> [Exercise prompt]
Every line of the entries with the word "angle" in it should be shown.

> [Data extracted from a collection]
* * * * * * *

(* For all $\alpha\in[-1,1]$, $1-3P(\alpha)\ge\frac{1-\alpha}{2}$, where $$P(\alpha)=\frac19+\frac{\arcsin\alpha+\arcsin\frac{\alpha}{2}}{4\pi}+\frac{(\arcsin\alpha)^2-(\arcsin\frac{\alpha}{2})^2}{4\pi^2}.$$ *)

theory Defs
  imports Complex_Main
begin

definition P :: "real \<Rightarrow> real" where
  "P \<alpha> = 1/9 + (arcsin \<alpha> + arcsin (\<alpha>/2)) / (4*pi)
          + ((arcsin \<alpha>)^2 - (arcsin (\<alpha>/2))^2) / (4*pi^2)"

end

theory Submission
  imports Defs "HOL-Analysis.Complex_Transcendental"
begin

text \<open>
  With \<open>a = arcsin \<alpha>\<close> and \<open>b = arcsin (\<alpha>/2)\<close>, multiplying by \<open>4\<pi>\<^sup>2/3\<close> turns the
  claim into \<open>(a + \<pi>/2)\<^sup>2 - (\<pi>/2 - b)\<^sup>2 \<le> 2\<pi>\<^sup>2/9 \<cdot> (1 + 3\<alpha>)\<close>, an inequality that is
  sharp at both ends \<open>\<alpha> = \<plusminus>1\<close>. On each half of \<open>[-1, 1]\<close> the angle \<open>\<pi>/2 - b\<close> is
  bounded below by a line through its endpoint value \<open>2\<pi>/3\<close> resp. \<open>\<pi>/3\<close>, and the angle
  \<open>a + \<pi>/2\<close> resp. \<open>\<pi>/2 - a\<close>, whose cosine is \<open>-\<alpha>\<close> resp. \<open>\<alpha>\<close>, is controlled
  quadratically by \<open>1 + \<alpha>\<close> resp. \<open>1 - \<alpha>\<close> by Taylor bounds on \<open>1 - cos\<close>.
  What remains is a polynomial inequality needing only rough bounds on \<open>\<pi>\<close>.
\<close>

lemma sin_ge_cubic:
  fixes x :: real
  assumes "0 \<le> x"
  shows "x - x^3/6 \<le> sin x"
proof -
  have "\<bar>sin x - (\<Sum>m<3. sin_coeff m * x ^ m)\<bar> \<le> inverse (fact 3) * \<bar>x\<bar> ^ 3"
    by (rule Maclaurin_sin_bound)
  then have "\<bar>sin x - x\<bar> \<le> x^3/6"
    using assms by (simp add: eval_nat_numeral sin_coeff_def inverse_eq_divide)
  then show ?thesis by linarith
qed

lemma one_minus_cos_le: "1 - cos x \<le> x^2/2" for x :: real
proof -
  have "sin (x/2) ^ 2 \<le> (x/2)^2"
    using abs_sin_x_le_abs_x[of "x/2"] by (simp only: abs_le_square_iff)
  then show ?thesis using cos_double_sin[of "x/2"] by (simp add: power2_eq_square)
qed

lemma one_minus_cos_ge:
  fixes x :: real
  assumes "0 \<le> x" "x \<le> 2"
  shows "x^2/3 \<le> 1 - cos x"
proof -
  have "5/12 * x \<le> x/2 - (x/2)^3/6"
  proof -
    have "x * (x * x) \<le> x * 4"
      using assms mult_mono[of x 2 x 2] by (intro mult_left_mono) auto
    then show ?thesis by (simp add: power3_eq_cube)
  qed
  also have "\<dots> \<le> sin (x/2)" using assms by (intro sin_ge_cubic) simp
  finally have "(5/12 * x)^2 \<le> sin (x/2) ^ 2" using assms by (intro power_mono) simp_all
  moreover have "1 - cos x = 2 * sin (x/2) ^ 2" using cos_double_sin[of "x/2"] by simp
  moreover have "(5/12 * x)^2 = 25/144 * x^2" by (simp add: power2_eq_square)
  ultimately show ?thesis using zero_le_power2[of x] by linarith
qed

lemma arcsin_half_le_nonpos:
  fixes \<alpha> :: real
  assumes "-1 \<le> \<alpha>" "\<alpha> \<le> 0"
  shows "arcsin (\<alpha>/2) \<le> 2/3 * (1 + \<alpha>) - pi/6"
proof -
  define d where "d = 2/3 * (1 + \<alpha>)"
  have d: "0 \<le> d" "d \<le> 2/3" using assms by (auto simp: d_def)
  have "17/10 \<le> sqrt 3" by (rule real_le_rsqrt) (simp add: power2_eq_square)
  moreover have "25/27 * d \<le> sin d"
  proof -
    have "25/27 * d \<le> d - d^3/6"
      using d mult_mono[of d "2/3" d "2/3"] mult_right_mono[of "d*d" "4/9" d]
      by (simp add: power3_eq_cube)
    also have "\<dots> \<le> sin d" using d by (intro sin_ge_cubic)
    finally show ?thesis .
  qed
  ultimately have "17/10 * (25/27 * d) \<le> sqrt 3 * sin d"
    using d by (intro mult_mono) auto
  moreover have "sin (d - pi/6) = sqrt 3 / 2 * sin d - cos d / 2"
    by (simp add: sin_diff sin_30 cos_30)
  moreover have "\<alpha>/2 = 3/4 * d - 1/2" by (simp add: d_def field_simps)
  ultimately have "\<alpha>/2 \<le> sin (d - pi/6)"
    using cos_le_one[of d] d by linarith
  moreover have "-(pi/2) \<le> d - pi/6" "d - pi/6 \<le> pi/2" using d pi_gt3 by simp_all
  ultimately have "arcsin (\<alpha>/2) \<le> d - pi/6" using assms by (subst arcsin_le_iff) auto
  then show ?thesis by (simp add: d_def)
qed

lemma arcsin_half_le_nonneg:
  fixes \<alpha> :: real
  assumes "0 \<le> \<alpha>" "\<alpha> \<le> 1"
  shows "arcsin (\<alpha>/2) \<le> pi/6 - (1 - \<alpha>)/2"
proof -
  define e where "e = (1 - \<alpha>)/2"
  have e: "0 \<le> e" "e \<le> 1/2" using assms by (auto simp: e_def)
  have "sqrt 3 \<le> 7/4" by (rule real_le_lsqrt) (simp_all add: power2_eq_square)
  moreover have "0 \<le> sin e" "sin e \<le> e" using e pi_gt3 by (auto intro: sin_ge_zero sin_x_le_x)
  ultimately have "sqrt 3 * sin e \<le> 7/4 * e" using e by (intro mult_mono) auto
  moreover have "1 - cos e \<le> e/4"
    using one_minus_cos_le[of e] mult_left_mono[OF e(2) e(1)] by (simp add: power2_eq_square)
  moreover have "sin (pi/6 - e) = cos e / 2 - sqrt 3 / 2 * sin e"
    by (simp add: sin_diff sin_30 cos_30)
  moreover have "\<alpha>/2 = 1/2 - e" by (simp add: e_def field_simps)
  ultimately have "\<alpha>/2 \<le> sin (pi/6 - e)" using e by linarith
  moreover have "-(pi/2) \<le> pi/6 - e" "pi/6 - e \<le> pi/2" using e pi_gt3 by simp_all
  ultimately have "arcsin (\<alpha>/2) \<le> pi/6 - e" using assms by (subst arcsin_le_iff) auto
  then show ?thesis by (simp add: e_def)
qed

lemma arcsin_gap_le_nonpos:
  fixes \<alpha> :: real
  assumes "-1 \<le> \<alpha>" "\<alpha> \<le> 0"
  shows "(arcsin \<alpha> + pi/2)^2 - (pi/2 - arcsin (\<alpha>/2))^2 \<le> 2*pi^2/9 * (1 + 3*\<alpha>)"
proof -
  define \<phi> where "\<phi> = arcsin \<alpha> + pi/2"
  define y where "y = 1 + \<alpha>"
  have y: "0 \<le> y" "y \<le> 1" using assms by (auto simp: y_def)
  have "0 \<le> \<phi>" "\<phi> \<le> pi/2"
    using arcsin_bounded[of \<alpha>] arcsin_le_arcsin[of \<alpha> 0] assms by (auto simp: \<phi>_def)
  moreover have "cos \<phi> = -\<alpha>" using assms by (simp add: \<phi>_def cos_add)
  ultimately have \<phi>_sq: "\<phi>^2 \<le> 3 * y"
    using one_minus_cos_ge[of \<phi>] pi_half_less_two by (simp add: y_def)
  have "2*pi/3 - 2/3 * y \<le> pi/2 - arcsin (\<alpha>/2)"
    using arcsin_half_le_nonpos[OF assms] by (simp add: y_def)
  moreover have "0 \<le> 2*pi/3 - 2/3 * y" using y pi_gt3 by simp
  ultimately have arccos_sq: "(2*pi/3 - 2/3 * y)^2 \<le> (pi/2 - arcsin (\<alpha>/2))^2"
    by (intro power_mono)
  have "3 \<le> 2*pi^2/3 - 8*pi/9"
    using pi_gt3 pi_approx(2) mult_strict_mono[of 3 pi 3 pi] by (simp add: power2_eq_square)
  then have "3 * y \<le> (2*pi^2/3 - 8*pi/9) * y" using y by (intro mult_right_mono)
  moreover have "2*pi^2/9 * (1 + 3*\<alpha>) - (\<phi>^2 - (2*pi/3 - 2/3 * y)^2)
      = (2*pi^2/3 - 8*pi/9) * y + 4/9 * y^2 - \<phi>^2"
    by (simp add: y_def power2_eq_square field_simps)
  ultimately show ?thesis
    using \<phi>_sq arccos_sq zero_le_power2[of y] unfolding \<phi>_def by linarith
qed

lemma arcsin_gap_le_nonneg:
  fixes \<alpha> :: real
  assumes "0 \<le> \<alpha>" "\<alpha> \<le> 1"
  shows "(arcsin \<alpha> + pi/2)^2 - (pi/2 - arcsin (\<alpha>/2))^2 \<le> 2*pi^2/9 * (1 + 3*\<alpha>)"
proof -
  define \<psi> where "\<psi> = pi/2 - arcsin \<alpha>"
  define v where "v = 1 - \<alpha>"
  define c where "c = 2*pi^2/3 - pi/3"
  have \<psi>: "0 \<le> \<psi>" "\<psi> \<le> pi/2"
    using arcsin_bounded[of \<alpha>] arcsin_le_arcsin[of 0 \<alpha>] assms by (auto simp: \<psi>_def)
  have "cos \<psi> = \<alpha>" using assms by (simp add: \<psi>_def cos_diff)
  then have v_le: "v \<le> \<psi>^2/2" using one_minus_cos_le[of \<psi>] by (simp add: v_def)
  have c: "0 \<le> c" "c \<le> 6"
    using pi_gt3 pi_approx(2) mult_mono[of pi "16/5" pi "16/5"] by (auto simp: c_def power2_eq_square)
  have "pi/3 + v/2 \<le> pi/2 - arcsin (\<alpha>/2)"
    using arcsin_half_le_nonneg[OF assms] by (simp add: v_def)
  moreover have "0 \<le> pi/3 + v/2" using assms by (simp add: v_def)
  ultimately have arccos_sq: "(pi/3 + v/2)^2 \<le> (pi/2 - arcsin (\<alpha>/2))^2"
    by (intro power_mono)
  have "\<psi>^2 + c * v \<le> \<psi>^2 * (1 + c/2)"
    using mult_left_mono[OF v_le c(1)] by (simp add: algebra_simps)
  also have "\<dots> \<le> \<psi>^2 * 4" using c by (intro mult_left_mono) auto
  also have "\<dots> \<le> 2*pi*\<psi>"
    using \<psi> mult_left_mono[of "2*\<psi>" pi \<psi>] by (simp add: power2_eq_square algebra_simps)
  finally have "\<psi>^2 + c * v \<le> 2*pi*\<psi>" .
  moreover have "2*pi^2/9 * (1 + 3*\<alpha>) - ((pi - \<psi>)^2 - (pi/3 + v/2)^2)
      = 2*pi*\<psi> - \<psi>^2 - c * v + v^2/4"
    by (simp add: v_def c_def power2_eq_square field_simps)
  moreover have "(arcsin \<alpha> + pi/2)^2 = (pi - \<psi>)^2" by (simp add: \<psi>_def add.commute)
  ultimately show ?thesis using arccos_sq zero_le_power2[of v] by linarith
qed

lemma one_minus_three_P_eq:
  "1 - 3 * P \<alpha> - (1 - \<alpha>)/2 = 3 / (4*pi^2)
     * (2*pi^2/9 * (1 + 3*\<alpha>) - ((arcsin \<alpha> + pi/2)^2 - (pi/2 - arcsin (\<alpha>/2))^2))"
  unfolding P_def by (simp add: field_simps power2_eq_square)

theorem mainTheorem10:
  fixes \<alpha> :: real
  assumes "-1 \<le> \<alpha>" and "\<alpha> \<le> 1"
  shows "1 - 3 * P \<alpha> \<ge> (1 - \<alpha>) / 2"
proof -
  have "(arcsin \<alpha> + pi/2)^2 - (pi/2 - arcsin (\<alpha>/2))^2 \<le> 2*pi^2/9 * (1 + 3*\<alpha>)"
    using assms arcsin_gap_le_nonpos arcsin_gap_le_nonneg by (cases "\<alpha> \<le> 0") auto
  then have "0 \<le> 1 - 3 * P \<alpha> - (1 - \<alpha>)/2"
    unfolding one_minus_three_P_eq by (intro mult_nonneg_nonneg) auto
  then show ?thesis by simp
qed

end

* * * * * * *

> [Response to this task]
  sharp at both ends \<open>\<alpha> = \<plusminus>1\<close>. On each half of \<open>[-1, 1]\<close> the angle \<open>\<pi>/2 - b\<close> is
  bounded below by a line through its endpoint value \<open>2\<pi>/3\<close> resp. \<open>\<pi>/3\<close>, and the angle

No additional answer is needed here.